Let I_n = { 1 if match on seats (n,n+1)
{ 0 if no match

Then E(#matches) = E(I_1 + ... + I_14)
= E(I_1) + ... + E(I_14)
= 14 * E(I_1) [symmetry]

and E(I_1) = P(seats 1,2 are BG or GB)
= 2 * P(seats 1,2 are BG)
= 2 * 8/15 * 7/14
= 8/15

So E(#matches) = 14 * 8/15
= 112/15 [approx 7.467]

Mike.

Mike Terry ... wrote:
> On 05/09/2021 00:07, RichD wrote:
>>> A theater has 15 seats in the first row. Patrons enter
>>> in single file, taking each consecutive seat, as they
>>> arrive. In this particular case, there are 8 boys, 7 girls.
>>>
>>> If a boy and girl occupy adjacent seats, we have a candidate
>>> match. If boy sees girl on each side, that's two matches.
>>> Clearly, any possible arrangement will contain 1...14
>>> candidate matches.
>>>
>>> What's the average number of matches, for this row?
>>
> .
> .
> s
> .
> p
> .
> o
> .
> i
> .
> l
> .
> e
> .
> r
> .
> .
> .
>
> Assuming the ordering of people in seats is random:
>
> Let I_n = { 1 if match on seats (n,n+1)
> { 0 if no match
>
> Then E(#matches) = E(I_1 + ... + I_14)
> = E(I_1) + ... + E(I_14)
> = 14 * E(I_1) [symmetry]
>
> and E(I_1) = P(seats 1,2 are BG or GB)
> = 2 * P(seats 1,2 are BG)
> = 2 * 8/15 * 7/14
> = 8/15
>
> So E(#matches) = 14 * 8/15
> = 112/15 [approx 7.467]

That matches up with Serg io's answer, although he didn't provide
motivation for his calculation. Anyhow, in a slightly more general
case, if there are b-1 G's and b B's, the expected number of matches
is 2*(b-1)*b/(2*b-1).

On September 5, Mike Terry wrote:
>> A theater has 15 seats in the first row. Patrons enter
>> in single file, taking each consecutive seat, as they
>> arrive. In this particular case, there are 8 boys, 7 girls.
>> If a boy and girl occupy adjacent seats, we have a candidate
>> match. If boy sees girl on each side, that's two matches.
>> Clearly, any possible arrangement will contain 1...14
>> candidate matches.
>> What's the average number of matches, for this row?

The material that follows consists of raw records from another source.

definition consistent ::
  "('c \<Rightarrow> sort option) \<Rightarrow> ('f \<Rightarrow> (sort list \<times> sort) option) \<Rightarrow> ('r \<Rightarrow> sort list option)
   \<Rightarrow> ('c, 'f, 'r) fm set \<Rightarrow> ('c, 'f, 'r) fm set \<Rightarrow> bool" where
  "consistent cs fs rs \<Lambda> \<Gamma> \<longleftrightarrow>
     (\<forall>\<phi>. wf cs fs rs \<phi> \<longrightarrow> \<not> derives \<Lambda> \<Gamma> (And \<phi> (Neg \<phi>)))"

definition forall_property ::
  "('c \<Rightarrow> sort option) \<Rightarrow> ('f \<Rightarrow> (sort list \<times> sort) option) \<Rightarrow> ('r \<Rightarrow> sort list option)
   \<Rightarrow> ('c, 'f, 'r) fm set \<Rightarrow> bool" where
  "forall_property cs fs rs \<Gamma> \<longleftrightarrow>
     (\<forall>\<phi> x. wf cs fs rs \<phi> \<longrightarrow>
        (\<exists>y. vsort y = vsort x \<and> Imp (subst y x \<phi>) (All x \<phi>) \<in> \<Gamma>))"

definition Lfm ::
  "('c \<Rightarrow> sort option) \<Rightarrow> ('f \<Rightarrow> (sort list \<times> sort) option) \<Rightarrow> ('r \<Rightarrow> sort list option)
   \<Rightarrow> ('c, 'f, 'r) fm \<Rightarrow> bool" where
  "Lfm cs fs rs \<phi> \<longleftrightarrow> wf cs fs rs \<phi> \<and> (\<forall>v\<in>vars \<phi>. Lvar v)"

end

theory Submission
  imports Defs
begin

text \<open>Each Henkin axiom \<open>\<phi>(y/x) \<longrightarrow> \<forall>x \<phi>\<close> gets its own witness \<open>y\<close>: a new (odd-indexed)
  variable of the sort of \<open>x\<close>, whose index is an injective code of the pair \<open>(\<phi>, x)\<close> that
  exceeds the indices of all variables of \<open>\<phi>\<close> and \<open>x\<close>.  Adding one Henkin axiom whose witness
  is fresh for a consistent set \<open>\<Delta>\<close> keeps it consistent: by the deduction theorem a refutation
  would give \<open>\<Delta> \<turnstile> \<phi>(y/x)\<close> and \<open>\<Delta> \<turnstile> \<not>\<forall>x \<phi>\<close>, and generalising on \<open>y\<close> turns the first into
  \<open>\<Delta> \<turnstile> \<forall>x \<phi>\<close>.  Adding the axioms in the order of their codes, each new witness is fresh for
  \<open>\<Gamma>\<close> and for all earlier axioms, so every stage is consistent, and hence so is their union.\<close>

instance sort :: countable by countable_datatype
instance var :: countable by countable_datatype
instance trm :: (countable, countable) countable by countable_datatype
instance fm :: (countable, countable, countable) countable by countable_datatype

section \<open>Substitution of variables\<close>

lemma wts_map_substt:
  assumes "\<And>t s. t \<in> set ts \<Longrightarrow> wt cs fs (substt y x t) s = wt cs fs t s"
  shows "wts cs fs (map (substt y x) ts) ss = wts cs fs ts ss"
  using assms by (induction ts arbitrary: ss) (auto split: list.splits)

lemma wt_substt:
  assumes "vsort y = vsort x"
  shows "wt cs fs (substt y x t) s = wt cs fs t s"
proof (induction t arbitrary: s)
  case (TF f ts)
  then show ?case by (simp add: wts_map_substt split: option.splits)
qed (use assms in auto)

lemma wf_subst:
  assumes "vsort y = vsort x"
  shows "wf cs fs rs (subst y x \<phi>) = wf cs fs rs \<phi>"
  by (induction \<phi>)
    (auto simp: wt_substt[OF assms] wts_map_substt[OF wt_substt[OF assms]] split: option.splits)

lemma substt_id: "y \<notin> fvt t \<Longrightarrow> substt x y t = t"
  by (induction t) (auto simp: map_idI)

lemma subst_id: "y \<notin> vars \<phi> \<Longrightarrow> subst x y \<phi> = \<phi>"
  by (induction \<phi>) (auto simp: substt_id map_idI)

lemma substt_substt_inverse: "y \<notin> fvt t \<Longrightarrow> substt x y (substt y x t) = t"
  by (induction t) (auto simp: map_idI)

lemma subst_subst_inverse: "y \<notin> vars \<phi> \<Longrightarrow> y \<noteq> x \<Longrightarrow> subst x y (subst y x \<phi>) = \<phi>"
  by (induction \<phi>) (auto simp: substt_substt_inverse map_idI subst_id)

lemma fv_subset_vars: "fv \<phi> \<subseteq> vars \<phi>"
  by (induction \<phi>) auto

lemma fvt_substt_eliminates: "y \<noteq> x \<Longrightarrow> x \<notin> fvt (substt y x t)"
  by (induction t) auto

lemma fv_subst_eliminates: "y \<noteq> x \<Longrightarrow> x \<notin> fv (subst y x \<phi>)"
  by (induction \<phi>) (auto simp: fvt_substt_eliminates)

lemma free_for_subst_inverse: "y \<notin> vars \<phi> \<Longrightarrow> y \<noteq> x \<Longrightarrow> free_for x y (subst y x \<phi>)"
proof (induction \<phi>)
  case (All z \<psi>)
  then show ?case
    using fv_subset_vars[of \<psi>] by (cases "z = x") auto
qed auto

lemma finite_fvt: "finite (fvt t)"
  by (induction t) auto

lemma finite_vars: "finite (vars \<phi>)"
  by (induction \<phi>) (auto simp: finite_fvt)

lemma fvt_substt_subset: "fvt (substt y x t) \<subseteq> insert y (fvt t)"
  by (induction t) auto

lemma vars_subst_subset: "vars (subst y x \<phi>) \<subseteq> insert y (vars \<phi>)"
  by (induction \<phi>) (auto dest!: fvt_substt_subset[THEN subsetD])

lemma wf_And [simp]: "wf cs fs rs (And \<phi> \<psi>) = (wf cs fs rs \<phi> \<and> wf cs fs rs \<psi>)"
  by (simp add: And_def)

lemma wf_Conj: "wf cs fs rs (Conj \<phi> \<psi>s) = (wf cs fs rs \<phi> \<and> (\<forall>\<psi>\<in>set \<psi>s. wf cs fs rs \<psi>))"
  by (induction \<psi>s arbitrary: \<phi>) auto

lemma fv_Conj: "fv (Conj \<phi> \<psi>s) = fv \<phi> \<union> (\<Union>\<psi>\<in>set \<psi>s. fv \<psi>)"
  by (induction \<psi>s arbitrary: \<phi>) (auto simp: And_def)

section \<open>Derived rules of a normal term-modal logic\<close>

definition atoms :: "'a list \<Rightarrow> nat \<Rightarrow> 'a" where
  "atoms as i = (if i < length as then as ! i else hd as)"

locale normal_tml =
  fixes n cs fs rs and \<Lambda> :: "('c::countable, 'f::countable, 'r::countable) fm set"
  assumes normal: "normal_logic n cs fs rs \<Lambda>"
begin

abbreviation wff :: "('c, 'f, 'r) fm \<Rightarrow> bool" where
  "wff \<equiv> wf cs fs rs"

lemma taut_inst: "pvalid p \<Longrightarrow> \<forall>i. wff (\<sigma> i) \<Longrightarrow> wt cs fs t Agt \<Longrightarrow> inst \<sigma> t p \<in> \<Lambda>"
  using normal unfolding normal_logic_def by (elim conjE) blast

text \<open>The agent term is arbitrary: the tautologies instantiated below contain no box.\<close>

lemma taut_atoms:
  "pvalid p \<Longrightarrow> as \<noteq> [] \<Longrightarrow> \<forall>a\<in>set as. wff a \<Longrightarrow> inst (atoms as) (TV (Var Agt 0)) p \<in> \<Lambda>"
  by (rule taut_inst) (auto simp: atoms_def)

lemma mp:
  assumes "Imp \<phi> \<psi> \<in> \<Lambda>" "\<phi> \<in> \<Lambda>"
  shows "\<psi> \<in> \<Lambda>"
proof -
  have "\<forall>\<phi> \<psi>. Imp \<phi> \<psi> \<in> \<Lambda> \<and> \<phi> \<in> \<Lambda> \<longrightarrow> \<psi> \<in> \<Lambda>"
    using normal unfolding normal_logic_def by (elim conjE) assumption
  then show ?thesis using assms by blast
qed

lemma gen:
  assumes "Imp \<phi> \<psi> \<in> \<Lambda>" "x \<notin> fv \<phi>"
  shows "Imp \<phi> (All x \<psi>) \<in> \<Lambda>"
proof -
  have "\<forall>\<phi> \<psi> x. Imp \<phi> \<psi> \<in> \<Lambda> \<and> x \<notin> fv \<phi> \<longrightarrow> Imp \<phi> (All x \<psi>) \<in> \<Lambda>"
    using normal unfolding normal_logic_def by (elim conjE) assumption
  then show ?thesis using assms by blast
qed

lemma all_inst:
  "wff \<phi> \<Longrightarrow> vsort y = vsort x \<Longrightarrow> free_for y x \<phi> \<Longrightarrow> Imp (All x \<phi>) (subst y x \<phi>) \<in> \<Lambda>"
  using normal unfolding normal_logic_def by (elim conjE) blast

lemma eq_refl: "wt cs fs t s \<Longrightarrow> Eq t t \<in> \<Lambda>"
  using normal unfolding normal_logic_def by (elim conjE) blast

> Let I_n = { 1 if match on seats (n,n+1)
> { 0 if no match
>
> Then E(#matches) = E(I_1 + ... + I_14)
> = E(I_1) + ... + E(I_14)
> = 14 * E(I_1) [symmetry]
>
> and E(I_1) = P(seats 1,2 are BG or GB)
> = 2 * P(seats 1,2 are BG)
> = 2 * 8/15 * 7/14 = 8/15
>
> So E(#matches) = 14 * 8/15 = 112/15

I found this problem in a book. The author's approach matches yours -
compute the mean for one pair of seats, then multiply by 14. Thereby
avoiding the brute force combinatorics.

"The average of the sum is the sum of the averages." A basic theorem of
probability. The author hammers this again and again. However, there's an
assumption underlying this theorem, a pre-condition. What is that condition?
Do you see how it's violated, in this problem?

--
Rich

On 08/09/2021 01:00, RichD wrote:
> On September 5, Mike Terry wrote:
>>> A theater has 15 seats in the first row. Patrons enter
>>> in single file, taking each consecutive seat, as they
>>> arrive. In this particular case, there are 8 boys, 7 girls.
>>> If a boy and girl occupy adjacent seats, we have a candidate
>>> match. If boy sees girl on each side, that's two matches.
>>> Clearly, any possible arrangement will contain 1...14
>>> candidate matches.
>>> What's the average number of matches, for this row?
>
>> Let I_n = { 1 if match on seats (n,n+1)
>> { 0 if no match
>>
>> Then E(#matches) = E(I_1 + ... + I_14)
>> = E(I_1) + ... + E(I_14)
>> = 14 * E(I_1) [symmetry]
>>
>> and E(I_1) = P(seats 1,2 are BG or GB)
>> = 2 * P(seats 1,2 are BG)
>> = 2 * 8/15 * 7/14 = 8/15
>>
>> So E(#matches) = 14 * 8/15 = 112/15
>
> I found this problem in a book. The author's approach matches yours -
> compute the mean for one pair of seats, then multiply by 14. Thereby
> avoiding the brute force combinatorics.
>
> "The average of the sum is the sum of the averages." A basic theorem of
> probability. The author hammers this again and again. However, there's an
> assumption underlying this theorem, a pre-condition. What is that condition?
> Do you see how it's violated, in this problem?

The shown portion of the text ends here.